Every line in the data below that holds "unfolding" should be found and copied.

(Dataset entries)
+ + + +

text \<open>
  With \<open>c = q\<^bsup>2(l+1)\<^esup>\<close> the left-hand side is \<open>q\<^sup>2(1+q)/(1-q)\<close> times \<open>(1 - c) S(c)\<close>, where
  \<open>S(c) = \<Sum>\<^sub>m (q\<^sup>-\<^sup>1;q\<^sup>2)\<^sub>m\<^sup>2 / ((q\<^sup>2;q\<^sup>2)\<^sub>m (c;q\<^sup>2)\<^sub>m) (cq\<^sup>2)\<^sup>m\<close> is Heine's series
  \<open>\<^sub>2\<phi>\<^sub>1(q\<^sup>-\<^sup>1, q\<^sup>-\<^sup>1; c; q\<^sup>2, cq\<^sup>2)\<close>; its terms \<open>m = 0, 1\<close> are the two explicit summands.
  Termwise telescoping gives the contiguous relation \<open>(1-c)(1-cq\<^sup>2) S(c) = (1-cq)\<^sup>2 S(cq\<^sup>2)\<close>, and
  \<open>S(c) \<rightarrow> 1\<close> as \<open>c \<rightarrow> 0\<close>. Iterating the relation and passing to the limit yields the
  q-Gauss sum \<open>S(c) = (cq;q\<^sup>2)\<^sub>\<infinity>\<^sup>2 / ((c;q\<^sup>2)\<^sub>\<infinity> (cq\<^sup>2;q\<^sup>2)\<^sub>\<infinity>)\<close>; splitting off the first \<open>l+1\<close>
  factors of the infinite products in \<open>\<pi>\<^sub>q\<close> then gives the right-hand side.
\<close>

definition qpoch :: "real \<Rightarrow> real \<Rightarrow> nat \<Rightarrow> real" where
  "qpoch z p n = (\<Prod>k<n. 1 - z * p ^ k)"

lemma qpoch_0 [simp]: "qpoch z p 0 = 1"
  by (simp add: qpoch_def)

lemma qpoch_Suc: "qpoch z p (Suc n) = qpoch z p n * (1 - z * p ^ n)"
  by (simp add: qpoch_def)

lemma qpoch_Suc_shift: "qpoch z p (Suc n) = (1 - z) * qpoch (z * p) p n"
  unfolding qpoch_def prod.lessThan_Suc_shift by (simp add: mult.assoc)

lemma qpoch_add: "qpoch z p (m + n) = qpoch z p m * qpoch (z * p ^ m) p n"
  by (induction n) (simp_all add: qpoch_Suc power_add mult.assoc)

lemma qpoch_factor_bounds:
  fixes z p :: real
  assumes "0 \<le> z" "z < 1" "0 \<le> p" "p \<le> 1"
  shows "0 < 1 - z * p ^ k" "1 - z * p ^ k \<le> 1"
proof -
  have "z * p ^ k \<le> z"
    using assms by (simp add: mult_left_le power_le_one)
  then show "0 < 1 - z * p ^ k"
    using assms by simp
  show "1 - z * p ^ k \<le> 1"
    using assms by simp
qed

lemma qpoch_pos:
  assumes "0 \<le> z" "z < 1" "0 \<le> p" "p \<le> 1"
  shows "0 < qpoch z p n"
  unfolding qpoch_def using qpoch_factor_bounds[OF assms] by (intro prod_pos) simp

lemma qpoch_le_one:
  assumes "0 \<le> z" "z < 1" "0 \<le> p" "p \<le> 1"
  shows "qpoch z p n \<le> 1"
  unfolding qpoch_def using qpoch_factor_bounds[OF assms] by (intro prod_le_1) (simp add: less_imp_le)

lemma qpoch_antimono:
  assumes "0 \<le> c" "c \<le> z" "z < 1" "0 \<le> p" "p \<le> 1"
  shows "qpoch z p n \<le> qpoch c p n"
  unfolding qpoch_def
proof (rule prod_mono)
  fix k
  have "c * p ^ k \<le> z * p ^ k"
    using assms by (simp add: mult_right_mono)
  then show "0 \<le> 1 - z * p ^ k \<and> 1 - z * p ^ k \<le> 1 - c * p ^ k"
    using qpoch_factor_bounds[of z p k] assms by simp
qed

+ + + +

● **Task result**:
  unfolding qpoch_def prod.lessThan_Suc_shift by (simp add: mult.assoc)
  unfolding qpoch_def using qpoch_factor_bounds[OF assms] by (intro prod_pos) simp
  unfolding qpoch_def using qpoch_factor_bounds[OF assms] by (intro prod_le_1) (simp add: less_imp_le)
  unfolding qpoch_def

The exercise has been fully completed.